É preciso viajar de norte a sul para comprar deputados de amarelo e azul. Cento e quarenta belzeblues. É preciso estômago de bode e muita birita. E apontar com dedo carcomido quem acabou de chegar na desdita. Suruba aflita do Tio Sukita!

Reflita. Para destruir um país é preciso muito mais que desmontar hospitais, a começar dos médicos cubanos que têm colhão: nunca jamais voltarão. Aos brasileiros castração. Caiçara diarreia, caipira com sezão. Abandono de tudo. Que situação!

Para destruir um país é preciso querer muito. Arregimentar esforços. Angariar votos. Oferecer jantares. Para destruir um país é preciso vender tudo sem esgares. O que não for de se vender, é regalar. Dar para quem quiser pegar. Para destruir um país é preciso roubar. Mentir. Fingir. Tripudiar.

Para destruir um país é preciso muito mais do que tentar e ver se cola. É preciso solapar de vez a escola, fazer do salário esmola, tratar professores como escória e deixar que as crianças pensem que só os desesperados se habilitam a profissão tão inglória.

Para destruir um país é preciso destruir sua memória.
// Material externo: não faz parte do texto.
lemma borel_measurable_LINT_Icc_param:
  fixes \<psi> :: "'a \<Rightarrow> real \<Rightarrow> 'b::{banach,second_countable_topology}"
  assumes [measurable]: "(\<lambda>(x, y). \<psi> x y) \<in> borel_measurable (N \<Otimes>\<^sub>M borel)"
    and [measurable]: "\<alpha> \<in> borel_measurable N" "\<beta> \<in> borel_measurable N"
  shows "(\<lambda>x. LINT y:{\<alpha> x..\<beta> x}|lborel. \<psi> x y) \<in> borel_measurable N"
proof -
  have "(\<lambda>w. indicator {\<alpha> (fst w)..\<beta> (fst w)} (snd w) *\<^sub>R \<psi> (fst w) (snd w)) \<in> borel_measurable (N \<Otimes>\<^sub>M borel)"
  proof -
    have eq: "(\<lambda>w. indicator {\<alpha> (fst w)..\<beta> (fst w)} (snd w) *\<^sub>R \<psi> (fst w) (snd w))
      = (\<lambda>w. (if \<alpha> (fst w) \<le> snd w \<and> snd w \<le> \<beta> (fst w) then 1 else 0) *\<^sub>R (\<lambda>(x, y). \<psi> x y) w)"
      by (auto simp: indicator_def fun_eq_iff)
    show ?thesis unfolding eq by measurable
  qed
  then have "(\<lambda>(x, y). indicator {\<alpha> x..\<beta> x} y *\<^sub>R \<psi> x y) \<in> borel_measurable (N \<Otimes>\<^sub>M lborel)"
    by (subst measurable_cong_sets[OF sets_pair_measure_cong[OF refl sets_lborel] refl])
       (simp add: case_prod_beta')
  from lborel.borel_measurable_lebesgue_integral[OF this]
  show ?thesis unfolding set_lebesgue_integral_def by simp
qed

lemma integral_iterated_eq_LINT:
  fixes c :: "real \<Rightarrow> complex" and \<psi> :: "real \<Rightarrow> real \<Rightarrow> complex"
  assumes [measurable]: "c \<in> borel_measurable borel"
    and [measurable]: "(\<lambda>(x, y). \<psi> x y) \<in> borel_measurable (borel \<Otimes>\<^sub>M borel)"
    and [measurable]: "\<alpha> \<in> borel_measurable borel" "\<beta> \<in> borel_measurable borel"
    and c_bound: "\<And>x. norm (c x) \<le> Bc" and \<psi>_bound: "\<And>x y. norm (\<psi> x y) \<le> B\<psi>"
    and width: "\<And>x. x \<in> {a..b} \<Longrightarrow> \<beta> x - \<alpha> x \<le> L" "0 \<le> L"
  shows "integral {a..b} (\<lambda>x. integral {\<alpha> x..\<beta> x} (\<lambda>y. c x * \<psi> x y))
       = (LINT x:{a..b}|lborel. c x * (LINT y:{\<alpha> x..\<beta> x}|lborel. \<psi> x y))"
proof -
  have "0 \<le> B\<psi>" "0 \<le> Bc"
    using \<psi>_bound[of 0 0] c_bound[of 0] norm_ge_zero order_trans by blast+
  have [measurable]: "\<psi> x \<in> borel_measurable borel" for x
    using measurable_Pair2[of "\<lambda>(x, y). \<psi> x y" borel borel borel x] by simp
  have inner: "integral {\<alpha> x..\<beta> x} (\<lambda>y. c x * \<psi> x y) = c x * (LINT y:{\<alpha> x..\<beta> x}|lborel. \<psi> x y)" for x
  proof -
    have "set_integrable lborel {\<alpha> x..\<beta> x} (\<psi> x)"
      using \<psi>_bound by (intro set_integrable_bounded[where B=B\<psi>]) auto
    moreover have "set_integrable lborel {\<alpha> x..\<beta> x} (\<lambda>y. c x * \<psi> x y)"
      using \<psi>_bound
      by (intro set_integrable_bounded[where B="norm (c x) * B\<psi>"]) (auto simp: norm_mult mult_left_mono)
    ultimately show ?thesis
      by (simp add: set_borel_integral_eq_integral(2)[symmetric] set_integral_mult_right)
  qed
  have "set_integrable lborel {a..b} (\<lambda>x. c x * (LINT y:{\<alpha> x..\<beta> x}|lborel. \<psi> x y))"
  proof (rule set_integrable_bounded[where B="Bc * (B\<psi> * L)"])
    show "(\<lambda>x. c x * (LINT y:{\<alpha> x..\<beta> x}|lborel. \<psi> x y)) \<in> borel_measurable lborel"
      using borel_measurable_LINT_Icc_param[of \<psi> borel \<alpha> \<beta>] by simp
    fix x assume "x \<in> {a..b}"
    then have "norm (LINT y:{\<alpha> x..\<beta> x}|lborel. \<psi> x y) \<le> B\<psi> * L"
      using \<open>0 \<le> B\<psi>\<close> \<psi>_bound width by (intro norm_LINT_Icc_le) auto
    then show "norm (c x * (LINT y:{\<alpha> x..\<beta> x}|lborel. \<psi> x y)) \<le> Bc * (B\<psi> * L)"
      unfolding norm_mult using c_bound \<open>0 \<le> Bc\<close> by (intro mult_mono) auto
  qed auto
  then show ?thesis
    unfolding inner by (simp add: set_borel_integral_eq_integral(2))
qed

lemma measurable_card_Collect:
  assumes "finite A" "\<And>j. j \<in> A \<Longrightarrow> Measurable.pred M (P j)"
  shows "(\<lambda>w. card {j\<in>A. P j w}) \<in> M \<rightarrow>\<^sub>M count_space UNIV"
  using assms
proof (induction A rule: finite_induct)
  case empty
  then show ?case by simp
next
  case (insert a A)
  have "card {j\<in>insert a A. P j w} = (if P a w then 1 else 0) + card {j\<in>A. P j w}" for w
  proof -
    have "{j\<in>insert a A. P j w} = (if P a w then insert a {j\<in>A. P j w} else {j\<in>A. P j w})"
      by auto
    then show ?thesis using insert.hyps by auto
  qed
  moreover have "(\<lambda>w. (if P a w then 1 else 0) + i) \<in> M \<rightarrow>\<^sub>M count_space UNIV" for i :: nat
    using insert.prems by measurable
  ultimately show ?case
    using measurable_compose_countable[where f="\<lambda>i w. (if P a w then 1 else 0) + i"] insert
    by simp
qed

lemma measurable_comp_count_space:
  "g \<in> M \<rightarrow>\<^sub>M count_space UNIV \<Longrightarrow> (\<lambda>w. \<phi> (g w)) \<in> borel_measurable M"
  using measurable_compose[of g M "count_space UNIV" \<phi> borel] by simp

lemma tendsto_comp_eventually_eq:
  assumes "eventually (\<lambda>k. f k = a) F"
  shows "((\<lambda>k. \<phi> (f k)) \<longlongrightarrow> \<phi> a) F"
proof (rule tendsto_eventually)
  show "eventually (\<lambda>k. \<phi> (f k) = \<phi> a) F"
    using assms by eventually_elim simp
qed

lemma tendsto_coordinate:
  fixes X :: "nat \<Rightarrow> nat \<Rightarrow> real"
  assumes "X \<longlonglongrightarrow> l"
  shows "(\<lambda>k. X k i) \<longlonglongrightarrow> l i"
proof -
  have "isCont (\<lambda>x. x i) l"
    by (metis continuous_on_eq_continuous_at open_UNIV UNIV_I continuous_on_product_coordinates)
  from isCont_tendsto_compose[OF this assms] show ?thesis .
qed

section \<open>Spin states and paths\<close>

lemma hat_hat [simp]: "hat (hat a) = a"
  by (simp add: hat_def)

lemma hat_in_spins: "a \<in> spins \<Longrightarrow> hat a \<in> spins"
  by (auto simp: spins_def hat_def)

lemma finite_spins [simp]: "finite spins"
  by (simp add: spins_def)

lemma flip_in_spins: "r \<in> spins \<times> spins \<Longrightarrow> flip s r \<in> spins \<times> spins"
  by (cases r) (auto simp: flip_def hat_in_spins)

lemma states_in_spins: "r0 \<in> spins \<times> spins \<Longrightarrow> states r0 sg j \<in> spins \<times> spins"
  by (induction j) (auto intro: flip_in_spins)

lemma path_seg_in_spins: "r0 \<in> spins \<times> spins \<Longrightarrow> path_seg r0 sg \<tau> x \<in> spins \<times> spins"
  unfolding path_seg_def by (rule states_in_spins)

lemma states_cong: "(\<And>k. k < j \<Longrightarrow> xs ! k = ys ! k) \<Longrightarrow> states r0 xs j = states r0 ys j"
  by (induction j) auto

lemma states_take: "j \<le> d \<Longrightarrow> states r0 (take d sg) j = states r0 sg j"
  by (rule states_cong) auto

lemma flip_factor_take: "j \<in> {1..d} \<Longrightarrow> flip_factor H r0 (take d sg) j = flip_factor H r0 sg j"
  by (auto simp: flip_factor_def states_take)

lemma flip_factor_last:
  assumes "length sg = Suc d"
  shows "flip_factor H r0 sg (Suc d) =
    (if sg ! d then - \<i> * H (fst (final_state r0 sg)) (hat (fst (final_state r0 sg))) else 0)
    + (if \<not> sg ! d then \<i> * H (hat (snd (final_state r0 sg))) (snd (final_state r0 sg)) else 0)"
  using assms by (auto simp: flip_factor_def final_state_def flip_def)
Que em cinquenta anos ninguém se lembre de agora. Matar os índios, estuprar as negras, ódio às quilombolas que nem para procriar servem. Desregular, poluir e deixar queimar como nunca antes na história deste país.

Que o Brasil se despedace em tantos paisitos quantos necessários para alimentar a fome que o mundo tem de nós. Na serra dos Carajás, a Manganésia. Em Araxá, a Niobilândia. Em Sorriso do Mato Grosso, a Sojácia. Em São Lourenço, a União Aquífera Continental. Em Salvador, Music Bambata Inc. Em Macaé, Petrólia Green. Em Ipanema, o Bundastão. Que situação…

Para destruir um país é preciso tirar os parafusos, desmontar as peças e vender tudo na feira. Rasgar o manual e desaprender a ler. Brasileira besteira. De tudo e mais um pouco que aqui se obtém por qualquer vintém. Desde os tempos de Cabral, quem foi que pagou a quem?

Para destruir um país não basta apagar seu passado, nem tampouco corromper seu presente – que isso é pouco e ninguém sente. Para destruir um país precisa mesmo é sufocar seu futuro, cauterizar seu porvir, cortar as veias abertas de seus sonhos de crescer para sangrar o que ainda nem veio a ser. O devir.

Cortas bolsas. Suspender pesquisas. Desperdiçar os jovens que se formaram e não se empregarão. Dar por perdidos os que nem se formaram. E os que nunca vão.

Perda de tempo, cérebros, soberania e visão. Assum preto no tição. Furar os olhos, perder o chão. Para destruir um país é preciso Temer a verdade. Correr com isso antes que seja tarde. Mas não basta ser covarde e ladrão. Tem que ser traidor do povo e inimigo da nação.

*Sidarta Ribeiro é professor titular de Neurociências do Instituto do Cérebro da UFRN.